EXCERPTED RECORDS section start

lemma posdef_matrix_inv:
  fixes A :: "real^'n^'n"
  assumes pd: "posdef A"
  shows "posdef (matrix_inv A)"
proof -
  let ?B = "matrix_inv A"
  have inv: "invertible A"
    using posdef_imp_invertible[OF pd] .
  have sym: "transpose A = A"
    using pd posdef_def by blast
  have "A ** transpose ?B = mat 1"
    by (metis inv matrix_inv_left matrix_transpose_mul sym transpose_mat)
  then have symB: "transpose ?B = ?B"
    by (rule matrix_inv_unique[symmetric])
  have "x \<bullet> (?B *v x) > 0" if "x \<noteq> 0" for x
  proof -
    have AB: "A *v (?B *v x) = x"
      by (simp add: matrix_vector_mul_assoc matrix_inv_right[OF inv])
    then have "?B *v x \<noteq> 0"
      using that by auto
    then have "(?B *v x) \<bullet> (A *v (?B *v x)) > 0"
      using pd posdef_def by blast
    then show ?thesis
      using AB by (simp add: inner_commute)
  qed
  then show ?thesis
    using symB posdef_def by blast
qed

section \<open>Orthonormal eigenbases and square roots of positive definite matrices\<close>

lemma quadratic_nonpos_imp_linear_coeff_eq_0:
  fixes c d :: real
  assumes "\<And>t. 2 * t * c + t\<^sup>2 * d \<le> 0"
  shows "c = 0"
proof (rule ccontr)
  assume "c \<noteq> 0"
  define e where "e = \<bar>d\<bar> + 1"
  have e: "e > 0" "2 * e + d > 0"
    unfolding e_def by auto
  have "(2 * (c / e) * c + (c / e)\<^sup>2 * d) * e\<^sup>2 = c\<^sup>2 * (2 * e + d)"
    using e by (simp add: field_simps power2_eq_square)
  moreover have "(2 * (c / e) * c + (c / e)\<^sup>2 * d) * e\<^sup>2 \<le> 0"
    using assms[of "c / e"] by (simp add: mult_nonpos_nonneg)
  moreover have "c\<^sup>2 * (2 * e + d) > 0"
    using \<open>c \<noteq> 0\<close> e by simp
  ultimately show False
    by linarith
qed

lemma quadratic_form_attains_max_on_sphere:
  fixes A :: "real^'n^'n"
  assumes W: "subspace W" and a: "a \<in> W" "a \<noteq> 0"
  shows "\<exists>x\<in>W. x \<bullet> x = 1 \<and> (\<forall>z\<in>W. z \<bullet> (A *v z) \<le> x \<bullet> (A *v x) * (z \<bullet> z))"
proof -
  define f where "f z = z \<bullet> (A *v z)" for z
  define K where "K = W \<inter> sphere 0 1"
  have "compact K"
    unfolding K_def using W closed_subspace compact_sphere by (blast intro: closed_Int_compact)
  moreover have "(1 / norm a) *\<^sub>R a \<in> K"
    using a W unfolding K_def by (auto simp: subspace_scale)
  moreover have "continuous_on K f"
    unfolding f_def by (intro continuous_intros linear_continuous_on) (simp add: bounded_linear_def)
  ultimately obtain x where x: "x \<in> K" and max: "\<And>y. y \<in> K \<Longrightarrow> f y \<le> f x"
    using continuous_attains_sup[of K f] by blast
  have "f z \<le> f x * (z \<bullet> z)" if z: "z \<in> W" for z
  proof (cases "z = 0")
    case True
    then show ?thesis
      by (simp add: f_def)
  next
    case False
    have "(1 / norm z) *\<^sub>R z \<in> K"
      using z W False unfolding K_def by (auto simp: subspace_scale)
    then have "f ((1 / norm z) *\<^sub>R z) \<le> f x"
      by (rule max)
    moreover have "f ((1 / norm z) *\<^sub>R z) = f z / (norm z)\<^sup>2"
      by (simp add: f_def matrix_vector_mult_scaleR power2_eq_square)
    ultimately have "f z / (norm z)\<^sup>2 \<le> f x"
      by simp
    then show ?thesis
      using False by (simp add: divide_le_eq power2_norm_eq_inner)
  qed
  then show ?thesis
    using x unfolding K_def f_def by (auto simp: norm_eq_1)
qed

EXCERPTED RECORDS section end

**EXERCISE OBJECTIVE**
Give back the data above word for word.

**RESULT BELOW**
lemma posdef_matrix_inv:
  fixes A :: "real^'n^'n"
  assumes pd: "posdef A"
  shows "posdef (matrix_inv A)"
proof -
  let ?B = "matrix_inv A"
  have inv: "invertible A"
    using posdef_imp_invertible[OF pd] .
  have sym: "transpose A = A"
    using pd posdef_def by blast
  have "A ** transpose ?B = mat 1"
    by (metis inv matrix_inv_left matrix_transpose_mul sym transpose_mat)
  then have symB: "transpose ?B = ?B"
    by (rule matrix_inv_unique[symmetric])
  have "x \<bullet> (?B *v x) > 0" if "x \<noteq> 0" for x
  proof -
    have AB: "A *v (?B *v x) = x"
      by (simp add: matrix_vector_mul_assoc matrix_inv_right[OF inv])
    then have "?B *v x \<noteq> 0"
      using that by auto
    then have "(?B *v x) \<bullet> (A *v (?B *v x)) > 0"
      using pd posdef_def by blast
    then show ?thesis
      using AB by (simp add: inner_commute)
  qed
  then show ?thesis
    using symB posdef_def by blast
qed

section \<open>Orthonormal eigenbases and square roots of positive definite matrices\<close>

lemma quadratic_nonpos_imp_linear_coeff_eq_0:
  fixes c d :: real
  assumes "\<And>t. 2 * t * c + t\<^sup>2 * d \<le> 0"
  shows "c = 0"
proof (rule ccontr)
  assume "c \<noteq> 0"
  define e where "e = \<bar>d\<bar> + 1"
  have e: "e > 0" "2 * e + d > 0"
    unfolding e_def by auto
  have "(2 * (c / e) * c + (c / e)\<^sup>2 * d) * e\<^sup>2 = c\<^sup>2 * (2 * e + d)"
    using e by (simp add: field_simps power2_eq_square)
  moreover have "(2 * (c / e) * c + (c / e)\<^sup>2 * d) * e\<^sup>2 \<le> 0"
    using assms[of "c / e"] by (simp add: mult_nonpos_nonneg)
  moreover have "c\<^sup>2 * (2 * e + d) > 0"
    using \<open>c \<noteq> 0\<close> e by simp
  ultimately show False
    by linarith
qed

lemma quadratic_form_attains_max_on_sphere:
  fixes A :: "real^'n^'n"
  assumes W: "subspace W" and a: "a \<in> W" "a \<noteq> 0"
  shows "\<exists>x\<in>W. x \<bullet> x = 1 \<and> (\<forall>z\<in>W. z \<bullet> (A *v z) \<le> x \<bullet> (A *v x) * (z \<bullet> z))"
proof -
  define f where "f z = z \<bullet> (A *v z)" for z
  define K where "K = W \<inter> sphere 0 1"
  have "compact K"
    unfolding K_def using W closed_subspace compact_sphere by (blast intro: closed_Int_compact)
  moreover have "(1 / norm a) *\<^sub>R a \<in> K"
    using a W unfolding K_def by (auto simp: subspace_scale)
  moreover have "continuous_on K f"
    unfolding f_def by (intro continuous_intros linear_continuous_on) (simp add: bounded_linear_def)
  ultimately obtain x where x: "x \<in> K" and max: "\<And>y. y \<in> K \<Longrightarrow> f y \<le> f x"
    using continuous_attains_sup[of K f] by blast
  have "f z \<le> f x * (z \<bullet> z)" if z: "z \<in> W" for z
  proof (cases "z = 0")
    case True
    then show ?thesis
      by (simp add: f_def)
  next
    case False
    have "(1 / norm z) *\<^sub>R z \<in> K"
      using z W False unfolding K_def by (auto simp: subspace_scale)
    then have "f ((1 / norm z) *\<^sub>R z) \<le> f x"
      by (rule max)
    moreover have "f ((1 / norm z) *\<^sub>R z) = f z / (norm z)\<^sup>2"
      by (simp add: f_def matrix_vector_mult_scaleR power2_eq_square)
    ultimately have "f z / (norm z)\<^sup>2 \<le> f x"
      by simp
    then show ?thesis
      using False by (simp add: divide_le_eq power2_norm_eq_inner)
  qed
  then show ?thesis
    using x unfolding K_def f_def by (auto simp: norm_eq_1)
qed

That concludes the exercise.